Monday, May. 28, 1945

Collectors' Items

A few of the German Nazis caught last week distinguished themselves by admitting that they were Nazis.

P: Dr. Robert Ley, leader of Hitler's Labor Front and "Strength Through Joy" movement, turned up in a four-day beard, blue pajamas, a green hat. Found in an Austrian home, where he had put up as "Dr. Ernst Distelmeyer," joyless, strengthless Dr. Ley relinquished a vial of poison and told his U.S. captors: "I will always believe that Adolf Hitler was Germany's greatest man. ... I did everything I could for Germany. ... I think work is beautiful. . . . Life doesn't mean a damned thing to me. You can beat me; you can torture me, but I'll never doubt Hitler's acts."

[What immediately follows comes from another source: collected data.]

text \<open>This is the inverse function theorem
  applied to (r, s) \<mapsto> (r, P r s), whose inverse is (r, t) \<mapsto> (r, g (r, t)).\<close>
lemma implicit_function_derivative:
  fixes P :: "'a::euclidean_space \<Rightarrow> real \<Rightarrow> real" and g :: "'a \<times> real \<Rightarrow> real"
  assumes solves: "\<And>z. P (fst z) (g z) = snd z"
    and cont: "continuous (at z) g"
    and dP: "((\<lambda>p. P (fst p) (snd p)) has_derivative (\<lambda>h. Pr (fst h) + Ps * snd h)) (at (fst z, g z))"
    and lin: "linear Pr" and Ps: "Ps \<noteq> 0"
  shows "(g has_derivative (\<lambda>k. (snd k - Pr (fst k)) / Ps)) (at z)"
proof -
  define G where "G y = (fst y, g y)" for y
  define G' where "G' k = (fst k, (snd k - Pr (fst k)) / Ps)" for k
  have "((\<lambda>p. (fst p, P (fst p) (snd p))) has_derivative (\<lambda>h. (fst h, Pr (fst h) + Ps * snd h)))
      (at (G z))"
    unfolding G_def using dP by (intro has_derivative_Pair has_derivative_fst[OF has_derivative_ident])
  moreover have "linear G'"
    by (rule linearI) (use Ps in \<open>auto simp: G'_def linear_add[OF lin] linear_scale[OF lin] field_simps\<close>)
  then have "bounded_linear G'" by (simp add: linear_conv_bounded_linear)
  moreover have "G' \<circ> (\<lambda>h. (fst h, Pr (fst h) + Ps * snd h)) = id"
    using Ps by (auto simp: G'_def fun_eq_iff)
  moreover have "continuous (at z) G"
    unfolding G_def by (intro continuous_Pair continuous_fst continuous_ident cont)
  ultimately have "(G has_derivative G') (at z)"
    by (rule has_derivative_inverse_basic[where T=UNIV]) (simp_all add: G_def solves)
  from has_derivative_snd[OF this] show ?thesis by (simp add: G_def G'_def)
qed

section \<open>The retarded time of an admissible trajectory\<close>

context
  fixes r2 :: "real \<Rightarrow> real^3"
  assumes adm: "admissible r2"
begin

lemma r2_Ck_fd_3: "Ck_fd 3 r2 UNIV"
  using adm unfolding admissible_def by (auto intro: Ck_on_real_imp_Ck_fd)

lemma r2_has_vel: "(r2 has_vector_derivative vel r2 s) (at s)"
proof -
  obtain r2' where "\<And>s. (r2 has_derivative r2' s) (at s)"
    using r2_Ck_fd_3 by (simp only: numeral_3_eq_3 Ck_fd.simps) auto
  then have "r2 differentiable (at s)" by (auto simp: differentiable_def)
  then show ?thesis unfolding vel_def by (rule vector_derivative_works[THEN iffD1])
qed

lemma r2_continuous: "continuous_on UNIV r2"
  using Ck_fd_continuous[OF r2_Ck_fd_3] .

definition past_speed :: "real \<Rightarrow> real" where
  "past_speed t1 = (SUP u\<in>{..t1}. norm (vel r2 u))"

lemma past_speed_less_1: "past_speed t1 < 1"
  using adm unfolding admissible_def past_speed_def by auto

lemma vel_le_past_speed: "u \<le> t1 \<Longrightarrow> norm (vel r2 u) \<le> past_speed t1"
  using adm unfolding admissible_def past_speed_def by (intro cSUP_upper) auto

lemma r2_lipschitz: "s \<le> s' \<Longrightarrow> norm (r2 s' - r2 s) \<le> past_speed s' * (s' - s)"
proof -
  assume ss: "s \<le> s'"
  have "norm (r2 s' - r2 s) \<le> past_speed s' * norm (s' - s)"
  proof (rule differentiable_bound[of "{s..s'}" r2 "\<lambda>x h. h *\<^sub>R vel r2 x"])
    show "(r2 has_derivative (\<lambda>h. h *\<^sub>R vel r2 x)) (at x within {s..s'})" for x
      using r2_has_vel[of x] unfolding has_vector_derivative_def by (rule has_derivative_at_withinI)
    show "onorm (\<lambda>h. h *\<^sub>R vel r2 x) \<le> past_speed s'" if "x \<in> {s..s'}" for x
      using vel_le_past_speed[of x s'] that onorm_scaleR_left[OF bounded_linear_ident, of "vel r2 x"]
      by (simp add: onorm_id)
  qed (use ss in auto)
  then show ?thesis using ss by simp
qed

P: Said a German U-boat skipper, surrendering his ship at Portsmouth, N.H. (see WORLD BATTLEFRONTS): "There's no difference between a German and a Nazi. A Nazi is a good German and a good German is a Nazi."

P: Dr. Alfred Rosenberg, the Nazi Reich's chief mythologist and "Director of Philosophic Outlook," was found by the British. His hiding place: a hospital bed within a stone's throw of Admiral Doenitz' headquarters in Flensburg (see above). Rosenberg's presence strengthened suspicions that Himmler may have also taken refuge somewhere near Doenitz.

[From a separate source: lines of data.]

section \<open>Comparing the covering numbers \<open>N\<^sub>0\<close> and \<open>N\<^sub>\<epsilon>\<close>\<close>

text \<open>The single ball of radius 1 around a constant map
  covers everything, which shows that \<open>\<epsilon>\<close>-covers exist and the infimum is attained.\<close>

lemma covnum_exact_le:
  assumes finF: "finite F" and FG: "F \<subseteq> fullpg M R" and d: "d > 0"
    and AV: "A \<subseteq> pperm_valued (fullpg M R) d" and e: "\<epsilon> \<ge> 0"
  shows "covnum M R F d 0 A \<le> covnum M R F d \<epsilon> A * (2^d * (d+1)^(nat \<lfloor>\<epsilon> * d\<rfloor>)) ^ card F"
proof -
  let ?V = "pperm_valued (fullpg M R) d"
  define covers where "covers e = {C. finite C \<and> C \<subseteq> ?V \<and>
      A \<subseteq> (\<Union>\<psi>\<in>C. {\<phi>. distF d F \<phi> \<psi> \<le> e})}" for e
  have covnum_eq: "covnum M R F d e A = Inf (card ` covers e)" for e
    unfolding covnum_def covers_def pperm_valued_def by (rule arg_cong[where f = Inf]) blast
  have AF: "A \<subseteq> pperm_valued F d" using AV FG unfolding pperm_valued_def by blast
  have "A \<subseteq> (\<Union>\<psi>\<in>{\<lambda>S. pid d}. {\<phi>. distF d F \<phi> \<psi> \<le> 1})" using distF_le_1[OF finF d] by blast
  from exact_cover_from_approx_cover[OF finF d AF _ this]
  obtain C0 where C0: "C0 \<subseteq> A" "finite C0" "A \<subseteq> (\<Union>\<psi>\<in>C0. {\<phi>. distF d F \<phi> \<psi> \<le> 0})"
    by auto
  have "(\<Union>\<psi>\<in>C0. {\<phi>. distF d F \<phi> \<psi> \<le> 0}) \<subseteq> (\<Union>\<psi>\<in>C0. {\<phi>. distF d F \<phi> \<psi> \<le> \<epsilon>})"
    using e by (intro UN_mono) auto
  with C0(3) have "A \<subseteq> (\<Union>\<psi>\<in>C0. {\<phi>. distF d F \<phi> \<psi> \<le> \<epsilon>})" by (rule subset_trans)
  moreover have "C0 \<subseteq> ?V" using C0(1) AV by (rule subset_trans)
  ultimately have "C0 \<in> covers \<epsilon>" unfolding covers_def using C0(2) by blast
  then have "Inf (card ` covers \<epsilon>) \<in> card ` covers \<epsilon>" by (intro Inf_nat_def1) blast
  then obtain C where "C \<in> covers \<epsilon>" and card_C: "card C = covnum M R F d \<epsilon> A"
    unfolding covnum_eq by (elim imageE) simp
  then have C: "finite C" "A \<subseteq> (\<Union>\<psi>\<in>C. {\<phi>. distF d F \<phi> \<psi> \<le> \<epsilon>})" unfolding covers_def by auto
  obtain C' where C': "C' \<subseteq> A" "finite C'" "A \<subseteq> (\<Union>\<psi>\<in>C'. {\<phi>. distF d F \<phi> \<psi> \<le> 0})"
     "card C' \<le> card C * (2^d * (d+1)^(nat \<lfloor>\<epsilon> * d\<rfloor>)) ^ card F"
    using exact_cover_from_approx_cover[OF finF d AF C] by blast
  have "C' \<subseteq> ?V" using C'(1) AV by (rule subset_trans)
  then have "C' \<in> covers 0" unfolding covers_def using C'(2,3) by blast
  then have "covnum M R F d 0 A \<le> card C'" unfolding covnum_eq by (intro cInf_lower) auto
  then show ?thesis using C'(4) card_C by simp
qed

text \<open>The same estimate after normalising by \<open>d log d\<close>: the error term is
  \<open>c (ln 2 / ln d + 2 \<epsilon>)\<close>, using \<open>ln (d+1) \<le> 2 ln d\<close>.\<close>

lemma lognorm_le_shift:
  fixes N0 Ne k c d :: nat and \<epsilon> :: real
  assumes d: "d \<ge> 2" and N: "N0 \<le> Ne * (2^d * (d+1)^k)^c" and k: "real k \<le> \<epsilon> * d" and e: "\<epsilon> \<ge> 0"
  shows "lognorm d N0 \<le> lognorm d Ne + ereal (c * (ln 2 / ln d + 2 * \<epsilon>))"
proof (cases "N0 = 0")
  case True then show ?thesis by (simp add: lognorm_def)
next
  case False
  then have Ne: "Ne > 0" using N by (cases "Ne = 0") auto
  have lnd: "ln (real d) > 0" using d by simp
  have dpos: "real d > 0" using d by simp
  have ln_succ: "ln (real d + 1) \<le> 2 * ln d"
  proof -
    have "2 * real d \<le> real d * real d" using d by (intro mult_right_mono) auto
    then have "real d + 1 \<le> real d * real d" using d by linarith
    then have "ln (real d + 1) \<le> ln (real d * real d)" using dpos by simp
    also have "\<dots> = 2 * ln d" using dpos by (simp add: ln_mult)
    finally show ?thesis .
  qed
  have "real N0 \<le> real (Ne * (2^d * (d+1)^k)^c)" using N by (simp only: of_nat_le_iff)
  also have "\<dots> = real Ne * (2^d * (real d+1)^k)^c" by (simp add: add.commute)
  finally have "real N0 \<le> real Ne * (2^d * (real d+1)^k)^c" .
  then have "ln (real N0) \<le> ln (real Ne * (2^d * (real d+1)^k)^c)"
    using False by (subst ln_le_cancel_iff) auto
  also have "\<dots> = ln (real Ne) + c * (d * ln 2 + k * ln (real d + 1))"
    using Ne by (simp add: ln_mult ln_realpow)
  also have "\<dots> \<le> ln (real Ne) + c * (d * ln 2 + (\<epsilon> * d) * (2 * ln d))"
    using k ln_succ lnd by (intro add_left_mono mult_left_mono mult_mono) auto
  finally have L: "ln (real N0) \<le> ln (real Ne) + c * (d * ln 2 + (\<epsilon> * d) * (2 * ln d))" .
  have "ln (real N0) / (real d * ln d) \<le> (ln (real Ne) + c * (d * ln 2 + (\<epsilon> * d) * (2 * ln d))) / (real d * ln d)"
    using L lnd dpos by (intro divide_right_mono) auto
  also have "\<dots> = ln (real Ne) / (real d * ln d) + c * (ln 2 / ln d + 2 * \<epsilon>)"
    using lnd dpos by (simp add: field_simps)
  finally show ?thesis using False Ne by (simp add: lognorm_def)
qed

P: Police General Ernst Kaltenbrunner, Heinrich Himmler's specialist in mass execution-by-gas, was found hiding in a fortified chalet in the Tyrol with his adjutant, Artur Scheidler.

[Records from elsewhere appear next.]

lemma min_dist_eq:
  assumes "h * CARD('a) ^ (u - 1) < CARD('a) ^ (CARD('n) - 1)" and "h \<le> CARD('a) ^ u" and "u \<ge> 1"
  shows "min_dist (gen_code G) = CARD('a) ^ (CARD('n) - 1) - h * CARD('a) ^ (u - 1)"
proof -
  obtain x\<^sub>0 where "x\<^sub>0 \<noteq> 0" and "\<And>i. i \<in> {1..h} \<Longrightarrow> x\<^sub>0 \<notin> annihilator (Us i)"
    using exists_nonzero_outside_annihilators[of "{1..h}" u Us] assms subspace dim by auto
  then have "{i\<in>{1..h}. x\<^sub>0 \<notin> annihilator (Us i)} = {1..h}"
    by auto
  then have "hamming_wt (x\<^sub>0 v* G) + h * CARD('a) ^ (u - 1) = CARD('a) ^ (CARD('n) - 1)"
    using weight_eq[OF \<open>x\<^sub>0 \<noteq> 0\<close>] by simp
  then have "hamming_wt (x\<^sub>0 v* G) = CARD('a) ^ (CARD('n) - 1) - h * CARD('a) ^ (u - 1)"
    by simp
  moreover have "CARD('a) ^ (CARD('n) - 1) - h * CARD('a) ^ (u - 1) > 0"
    using assms(1) by simp
  ultimately show ?thesis
    using weight_ge by (rule min_dist_gen_code_eqI[rotated])
qed

end

theorem theorem2p2:
  fixes Us :: "nat \<Rightarrow> ('a::{field,finite} ^ 'n::finite) set"
    and G :: "'a ^ 'm::finite ^ 'n"
    and q k u h :: nat
  assumes q_def: "q = CARD('a)"
    and k_def: "k = CARD('n)"
    and k3: "k \<ge> 3" and u2: "u \<ge> 2" and h1: "h \<ge> 1"
    and sub: "\<And>i. i \<in> {1..h} \<Longrightarrow> vec.subspace (Us i)"
    and dimU: "\<And>i. i \<in> {1..h} \<Longrightarrow> vec.dim (Us i) = u"
    and disj: "\<And>i j. i \<in> {1..h} \<Longrightarrow> j \<in> {1..h} \<Longrightarrow> i \<noteq> j \<Longrightarrow> Us i \<inter> Us j = {0}"
    and cond: "int q ^ k - int q ^ (k - 1) > int h * (int q ^ u - 1)"
    and U_def: "U = {v :: 'a ^ 'n. v \<noteq> 0 \<and> v \<notin> (\<Union>i\<in>{1..h}. Us i)}"
    and cols_in: "\<And>j. column j G \<in> U"
    and cols_rep: "\<And>v. v \<in> U \<Longrightarrow> \<exists>!j. \<exists>c. c \<noteq> 0 \<and> column j G = c *s v"
    and hq: "h \<le> q ^ u"
  shows "real CARD('m) = (real (q ^ k - 1) - real h * real (q ^ u - 1)) / real (q - 1)
         \<and> vec.dim (gen_code G) = k
         \<and> int (min_dist (gen_code G)) = int q ^ (k - 1) - int h * int q ^ (u - 1)"
proof -
  interpret subspace_complement_code Us h u U G
    by unfold_locales (fact sub dimU disj U_def cols_in cols_rep)+
  have q: "q \<ge> 2"
    unfolding q_def by (rule card_finite_field_ge_2)
  have bound: "h * q ^ (u - 1) < q ^ (k - 1)"
    using mult_power_less_power_if_diff_gt[OF cond] q k3 u2 by simp
  have "real (q - 1) * real CARD('m) = real (q ^ k - 1) - real h * real (q ^ u - 1)"
    using length_eq unfolding q_def k_def
    by (metis add_diff_cancel_right' of_nat_add of_nat_mult)
  then have "real CARD('m) = (real (q ^ k - 1) - real h * real (q ^ u - 1)) / real (q - 1)"
    using q by (simp add: field_simps)
  moreover have "vec.dim (gen_code G) = k"
    using dim_eq bound unfolding q_def k_def by simp
  moreover have "min_dist (gen_code G) = q ^ (k - 1) - h * q ^ (u - 1)"
    using min_dist_eq bound hq u2 unfolding q_def k_def by simp
  ultimately show ?thesis
    using bound by (simp add: of_nat_diff)
qed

P: Protested Adolf Hitler's onetime protegee, Nazi cinemactress Leni Riefenstahl, when U.S. troops ejected her from Foreign Minister Joachim von Ribbentrop's hill villa at Kitzbuhel, Austria: "Some of my best friends were Jews." With tears in her great brown eyes she complained of the disrespect of an unnamed Boston Irish doughboy. "Baby," he had said, "I've been going to the movies a long time and I never heard of you."